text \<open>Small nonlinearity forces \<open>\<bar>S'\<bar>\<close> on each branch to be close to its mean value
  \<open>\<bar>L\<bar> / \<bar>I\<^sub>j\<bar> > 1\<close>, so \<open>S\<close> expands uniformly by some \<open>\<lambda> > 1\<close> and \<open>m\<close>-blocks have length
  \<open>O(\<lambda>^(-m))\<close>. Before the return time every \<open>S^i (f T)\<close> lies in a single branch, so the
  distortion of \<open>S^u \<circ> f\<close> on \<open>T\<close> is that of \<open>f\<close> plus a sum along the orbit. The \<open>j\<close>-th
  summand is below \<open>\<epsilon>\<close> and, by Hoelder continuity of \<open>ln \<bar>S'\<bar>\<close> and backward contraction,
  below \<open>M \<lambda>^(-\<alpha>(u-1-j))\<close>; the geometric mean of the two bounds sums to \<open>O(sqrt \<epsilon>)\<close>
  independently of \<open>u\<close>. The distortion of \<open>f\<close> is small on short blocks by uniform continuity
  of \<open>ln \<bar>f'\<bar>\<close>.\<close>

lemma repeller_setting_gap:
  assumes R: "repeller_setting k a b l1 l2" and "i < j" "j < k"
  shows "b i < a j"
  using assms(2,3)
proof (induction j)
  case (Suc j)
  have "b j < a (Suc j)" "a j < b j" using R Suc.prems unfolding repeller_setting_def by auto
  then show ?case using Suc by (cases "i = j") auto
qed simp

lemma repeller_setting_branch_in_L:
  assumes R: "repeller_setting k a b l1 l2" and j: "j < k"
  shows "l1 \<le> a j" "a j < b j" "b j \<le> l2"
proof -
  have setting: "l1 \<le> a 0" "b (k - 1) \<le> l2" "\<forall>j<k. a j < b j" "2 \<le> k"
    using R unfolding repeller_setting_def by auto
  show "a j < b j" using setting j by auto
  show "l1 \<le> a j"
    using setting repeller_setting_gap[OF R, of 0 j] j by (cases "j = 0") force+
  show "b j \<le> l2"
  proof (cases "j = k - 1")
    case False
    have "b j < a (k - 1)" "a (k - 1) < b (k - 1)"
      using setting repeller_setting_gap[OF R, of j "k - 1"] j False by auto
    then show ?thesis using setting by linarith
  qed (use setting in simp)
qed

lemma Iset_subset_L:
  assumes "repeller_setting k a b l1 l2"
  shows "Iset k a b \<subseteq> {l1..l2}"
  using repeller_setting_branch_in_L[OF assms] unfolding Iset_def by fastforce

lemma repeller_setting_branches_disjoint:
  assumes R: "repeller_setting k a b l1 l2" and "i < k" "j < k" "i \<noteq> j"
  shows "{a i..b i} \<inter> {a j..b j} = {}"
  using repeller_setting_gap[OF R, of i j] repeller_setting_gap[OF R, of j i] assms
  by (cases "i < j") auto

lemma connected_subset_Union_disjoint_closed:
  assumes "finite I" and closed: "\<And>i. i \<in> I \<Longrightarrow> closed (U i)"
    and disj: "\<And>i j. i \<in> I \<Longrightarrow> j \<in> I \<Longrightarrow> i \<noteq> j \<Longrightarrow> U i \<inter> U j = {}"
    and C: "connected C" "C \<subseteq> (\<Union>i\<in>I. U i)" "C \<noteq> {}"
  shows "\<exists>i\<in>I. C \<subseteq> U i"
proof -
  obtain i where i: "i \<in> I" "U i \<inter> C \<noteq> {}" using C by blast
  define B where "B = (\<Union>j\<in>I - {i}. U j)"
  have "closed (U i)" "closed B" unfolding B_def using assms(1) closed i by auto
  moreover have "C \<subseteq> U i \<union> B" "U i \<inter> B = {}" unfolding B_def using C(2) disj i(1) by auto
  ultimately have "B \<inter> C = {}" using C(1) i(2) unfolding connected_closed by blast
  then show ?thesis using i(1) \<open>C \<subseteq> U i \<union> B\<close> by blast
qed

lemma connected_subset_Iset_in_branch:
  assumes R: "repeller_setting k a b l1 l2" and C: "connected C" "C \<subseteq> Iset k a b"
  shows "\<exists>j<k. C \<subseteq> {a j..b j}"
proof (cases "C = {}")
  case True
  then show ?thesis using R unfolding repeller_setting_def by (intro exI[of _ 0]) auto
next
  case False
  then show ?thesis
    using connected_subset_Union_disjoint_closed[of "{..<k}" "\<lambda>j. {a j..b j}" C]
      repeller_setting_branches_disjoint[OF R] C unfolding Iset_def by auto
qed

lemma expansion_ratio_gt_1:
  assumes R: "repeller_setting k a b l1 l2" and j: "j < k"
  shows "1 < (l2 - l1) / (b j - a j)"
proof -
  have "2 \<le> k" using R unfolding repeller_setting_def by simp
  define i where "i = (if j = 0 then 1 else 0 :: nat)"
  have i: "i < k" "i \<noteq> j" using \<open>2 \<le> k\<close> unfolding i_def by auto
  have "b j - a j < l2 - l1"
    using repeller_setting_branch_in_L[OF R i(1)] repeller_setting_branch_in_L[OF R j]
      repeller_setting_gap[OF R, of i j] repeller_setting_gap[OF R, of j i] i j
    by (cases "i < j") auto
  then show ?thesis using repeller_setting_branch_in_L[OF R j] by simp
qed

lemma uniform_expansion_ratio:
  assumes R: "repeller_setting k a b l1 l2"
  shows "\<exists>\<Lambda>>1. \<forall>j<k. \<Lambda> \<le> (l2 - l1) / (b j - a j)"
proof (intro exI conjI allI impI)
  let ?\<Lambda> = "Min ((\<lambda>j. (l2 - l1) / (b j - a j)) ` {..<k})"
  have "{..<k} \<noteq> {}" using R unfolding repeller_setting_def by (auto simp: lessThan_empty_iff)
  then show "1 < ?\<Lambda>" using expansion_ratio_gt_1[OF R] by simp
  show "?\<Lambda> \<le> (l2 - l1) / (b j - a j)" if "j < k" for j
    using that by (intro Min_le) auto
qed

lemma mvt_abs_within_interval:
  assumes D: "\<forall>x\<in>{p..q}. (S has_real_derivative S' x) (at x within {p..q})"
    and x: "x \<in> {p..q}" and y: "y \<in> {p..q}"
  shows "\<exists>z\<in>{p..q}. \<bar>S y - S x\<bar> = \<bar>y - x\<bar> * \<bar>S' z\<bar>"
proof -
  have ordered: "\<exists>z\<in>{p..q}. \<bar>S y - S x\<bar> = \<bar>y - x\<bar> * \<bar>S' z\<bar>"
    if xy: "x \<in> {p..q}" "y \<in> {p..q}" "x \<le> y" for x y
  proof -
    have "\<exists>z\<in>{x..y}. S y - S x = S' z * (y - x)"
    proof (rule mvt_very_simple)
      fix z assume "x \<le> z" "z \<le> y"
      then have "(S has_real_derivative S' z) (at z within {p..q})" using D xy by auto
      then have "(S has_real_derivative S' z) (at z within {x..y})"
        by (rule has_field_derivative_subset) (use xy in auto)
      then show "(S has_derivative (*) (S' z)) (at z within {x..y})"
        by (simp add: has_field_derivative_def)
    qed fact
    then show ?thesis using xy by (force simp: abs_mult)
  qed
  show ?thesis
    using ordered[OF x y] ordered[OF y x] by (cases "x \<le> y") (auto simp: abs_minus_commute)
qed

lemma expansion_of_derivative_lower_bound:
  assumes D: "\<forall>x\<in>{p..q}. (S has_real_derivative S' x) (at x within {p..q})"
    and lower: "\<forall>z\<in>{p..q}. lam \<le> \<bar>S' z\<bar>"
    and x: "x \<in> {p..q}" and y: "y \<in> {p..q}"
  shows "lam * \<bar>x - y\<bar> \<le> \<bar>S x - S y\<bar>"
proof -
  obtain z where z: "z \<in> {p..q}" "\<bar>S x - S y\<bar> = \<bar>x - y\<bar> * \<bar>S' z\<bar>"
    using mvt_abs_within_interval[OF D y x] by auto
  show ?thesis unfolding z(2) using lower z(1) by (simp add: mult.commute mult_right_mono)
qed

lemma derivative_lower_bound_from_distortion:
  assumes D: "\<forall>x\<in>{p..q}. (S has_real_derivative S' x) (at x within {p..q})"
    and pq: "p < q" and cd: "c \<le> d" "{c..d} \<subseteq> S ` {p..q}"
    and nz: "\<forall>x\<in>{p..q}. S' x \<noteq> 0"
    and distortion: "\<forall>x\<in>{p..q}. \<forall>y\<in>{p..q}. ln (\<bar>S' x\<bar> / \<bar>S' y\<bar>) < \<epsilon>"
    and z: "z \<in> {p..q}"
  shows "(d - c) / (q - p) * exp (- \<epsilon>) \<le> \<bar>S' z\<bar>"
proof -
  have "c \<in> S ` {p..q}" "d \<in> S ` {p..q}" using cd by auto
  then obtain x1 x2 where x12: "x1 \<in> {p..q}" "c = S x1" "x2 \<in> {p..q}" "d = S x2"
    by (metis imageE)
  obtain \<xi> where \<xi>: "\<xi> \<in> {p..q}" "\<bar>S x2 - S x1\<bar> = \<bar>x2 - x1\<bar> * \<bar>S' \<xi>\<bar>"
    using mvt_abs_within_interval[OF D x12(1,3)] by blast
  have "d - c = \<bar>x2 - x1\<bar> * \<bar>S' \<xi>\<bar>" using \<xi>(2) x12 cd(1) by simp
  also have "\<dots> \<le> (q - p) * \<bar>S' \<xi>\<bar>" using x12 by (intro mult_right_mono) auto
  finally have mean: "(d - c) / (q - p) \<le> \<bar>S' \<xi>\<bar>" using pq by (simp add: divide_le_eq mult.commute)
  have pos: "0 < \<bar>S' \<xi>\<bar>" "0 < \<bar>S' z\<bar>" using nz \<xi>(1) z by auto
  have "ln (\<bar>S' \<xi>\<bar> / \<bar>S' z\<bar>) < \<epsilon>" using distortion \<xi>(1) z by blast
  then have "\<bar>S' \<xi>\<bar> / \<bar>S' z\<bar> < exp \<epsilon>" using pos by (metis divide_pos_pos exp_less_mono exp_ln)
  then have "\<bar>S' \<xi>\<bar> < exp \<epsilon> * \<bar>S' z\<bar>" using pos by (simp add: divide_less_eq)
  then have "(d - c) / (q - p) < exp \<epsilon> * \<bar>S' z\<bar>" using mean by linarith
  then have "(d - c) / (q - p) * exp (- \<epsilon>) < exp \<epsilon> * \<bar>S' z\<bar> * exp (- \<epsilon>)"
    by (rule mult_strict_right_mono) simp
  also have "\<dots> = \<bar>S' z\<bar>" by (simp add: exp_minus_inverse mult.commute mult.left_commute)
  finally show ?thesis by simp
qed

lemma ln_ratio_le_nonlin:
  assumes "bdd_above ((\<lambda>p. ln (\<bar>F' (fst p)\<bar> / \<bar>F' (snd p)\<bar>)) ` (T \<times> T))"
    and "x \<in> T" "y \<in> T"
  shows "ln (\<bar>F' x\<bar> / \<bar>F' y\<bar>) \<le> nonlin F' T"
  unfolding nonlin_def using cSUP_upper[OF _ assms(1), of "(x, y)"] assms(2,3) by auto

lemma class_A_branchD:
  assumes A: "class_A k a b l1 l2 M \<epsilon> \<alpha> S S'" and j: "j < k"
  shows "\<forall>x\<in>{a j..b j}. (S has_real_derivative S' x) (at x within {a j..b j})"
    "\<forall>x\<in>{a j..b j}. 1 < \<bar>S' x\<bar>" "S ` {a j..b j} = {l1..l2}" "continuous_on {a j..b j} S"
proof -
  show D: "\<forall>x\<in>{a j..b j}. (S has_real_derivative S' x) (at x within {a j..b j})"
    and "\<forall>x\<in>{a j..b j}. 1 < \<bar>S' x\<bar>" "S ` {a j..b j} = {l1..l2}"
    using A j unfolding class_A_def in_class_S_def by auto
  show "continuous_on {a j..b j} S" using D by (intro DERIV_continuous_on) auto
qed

_ _ _ _

» **Exercise prompt**: The answer must consist of every line from the data that holds the string "intro".

» **Final answer**:
  then show ?thesis using R unfolding repeller_setting_def by (intro exI[of _ 0]) auto
proof (intro exI conjI allI impI)
    using that by (intro Min_le) auto
  also have "\<dots> \<le> (q - p) * \<bar>S' \<xi>\<bar>" using x12 by (intro mult_right_mono) auto
  show "continuous_on {a j..b j} S" using D by (intro DERIV_continuous_on) auto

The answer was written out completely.